Tuesday, November 15, 2022

*phew*

 I attended a workshop on alternatives to conservatorship tonight and I am just over the moon. For practically the first time, I feel like I got what I needed from one of these workshops. I have resources and information that no one else was able to tell me, and I have a sense of how to move forward and prepare so that my daughter will be supported if something happens to me and her dad. All three of us had found the idea of conservatorship for her pretty appalling.

I do wish that most of the important people in her life weren't our age or older. That's something we'll have to address. But meanwhile, if we die in a car wreck soon, she won't be left entirely on her own. 

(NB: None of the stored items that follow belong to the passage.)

(* Let $\mathscr{H}$ be a complex Hilbert space and let $N(\cdot)$ be a norm on $\mathbb{B}(\mathscr{H})$ which is an algebra norm ($N(XY)\leq N(X)N(Y)$ for all $X,Y$) and self-adjoint ($N(X^* )=N(X)$ for all $X$). Then for all self-adjoint $B,C\in\mathbb{B}(\mathscr{H})$, $$\frac18N(C^2+B^2)+\frac12\max\{N(B),N(C)\}\,|N(B+C)-N(B-C)|\leq w_{(N,e)}^2(B,C).$$
   Context: For $T\in\mathbb{B}(\mathscr{H})$, $\Re(T)=\frac12(T+T^* )$. For $B,C\in\mathbb{B}(\mathscr{H})$, $w_{(N,e)}(B,C)=\sup_{\lambda_1,\lambda_2\in\mathbb{C},\ |\lambda_1|^2+|\lambda_2|^2\leq 1}\sup_{\theta\in\mathbb{R}} N(\Re(e^{i\theta}(\lambda_1B+\lambda_2C)))$. *)

theory Defs
  imports "HOL-Analysis.Analysis"
begin

text \<open>HOL-Analysis only provides real inner product spaces, so we introduce complex
pre-Hilbert spaces as a type class: a real normed vector space with a compatible
complex scalar multiplication and a complex inner product (linear in the second
argument, conjugate-symmetric) inducing the norm.\<close>

class complex_inner = real_normed_vector +
  fixes scaleC :: "complex \<Rightarrow> 'a \<Rightarrow> 'a"
    and cinner :: "'a \<Rightarrow> 'a \<Rightarrow> complex"
  assumes scaleC_add_right: "scaleC a (x + y) = scaleC a x + scaleC a y"
    and scaleC_add_left: "scaleC (a + b) x = scaleC a x + scaleC b x"
    and scaleC_scaleC: "scaleC a (scaleC b x) = scaleC (a * b) x"
    and scaleC_one: "scaleC 1 x = x"
    and scaleR_scaleC: "scaleR r x = scaleC (complex_of_real r) x"
    and cinner_commute: "cinner x y = cnj (cinner y x)"
    and cinner_add_right: "cinner x (y + z) = cinner x y + cinner x z"
    and cinner_scaleC_right: "cinner x (scaleC a y) = a * cinner x y"
    and norm_eq_sqrt_cinner: "norm x = sqrt (Re (cinner x x))"

class chilbert_space = complex_inner + complete_space

text \<open>Non-vacuity: the complex numbers form a complex Hilbert space.\<close>

instantiation complex :: complex_inner
begin
definition scaleC_complex_def: "scaleC a (x::complex) = a * x"
definition cinner_complex_def: "cinner (x::complex) y = cnj x * y"
instance
proof
  fix x y z a b :: complex and r :: real
  show "scaleC a (x + y) = scaleC a x + scaleC a y" by (simp add: scaleC_complex_def algebra_simps)
  show "scaleC (a + b) x = scaleC a x + scaleC b x" by (simp add: scaleC_complex_def algebra_simps)
  show "scaleC a (scaleC b x) = scaleC (a * b) x" by (simp add: scaleC_complex_def algebra_simps)
  show "scaleC 1 x = x" by (simp add: scaleC_complex_def)
  show "scaleR r x = scaleC (complex_of_real r) x" by (simp add: scaleC_complex_def scaleR_conv_of_real)
  show "cinner x y = cnj (cinner y x)" by (simp add: cinner_complex_def)
  show "cinner x (y + z) = cinner x y + cinner x z" by (simp add: cinner_complex_def algebra_simps)
  show "cinner x (scaleC a y) = a * cinner x y" by (simp add: cinner_complex_def scaleC_complex_def algebra_simps)
  show "norm x = sqrt (Re (cinner x x))"
    by (simp add: cinner_complex_def complex_mult_cnj cmod_def power2_eq_square)
qed
end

Tuesday, September 27, 2022

Yay, For Once We Weren't Thrown Under the Bus

 My husband and I went to a show recently, in a city known for its strong disabled community. There were quite a few people there using mobility devices, and he and I, being larger people, both appreciate the wider aisles and large, comfortable seats.

It took me a while to realize another way in which this venue was disability-friendly: it required vaccination cards and masks. We've been getting out more lately, and that's become increasingly rare.  We always wear N95s, but having others masked as well made the experience so much less anxiety provoking than usual. 

Monday, August 1, 2022

Ack! My heart is walking around outside my body and it doesn't feel well!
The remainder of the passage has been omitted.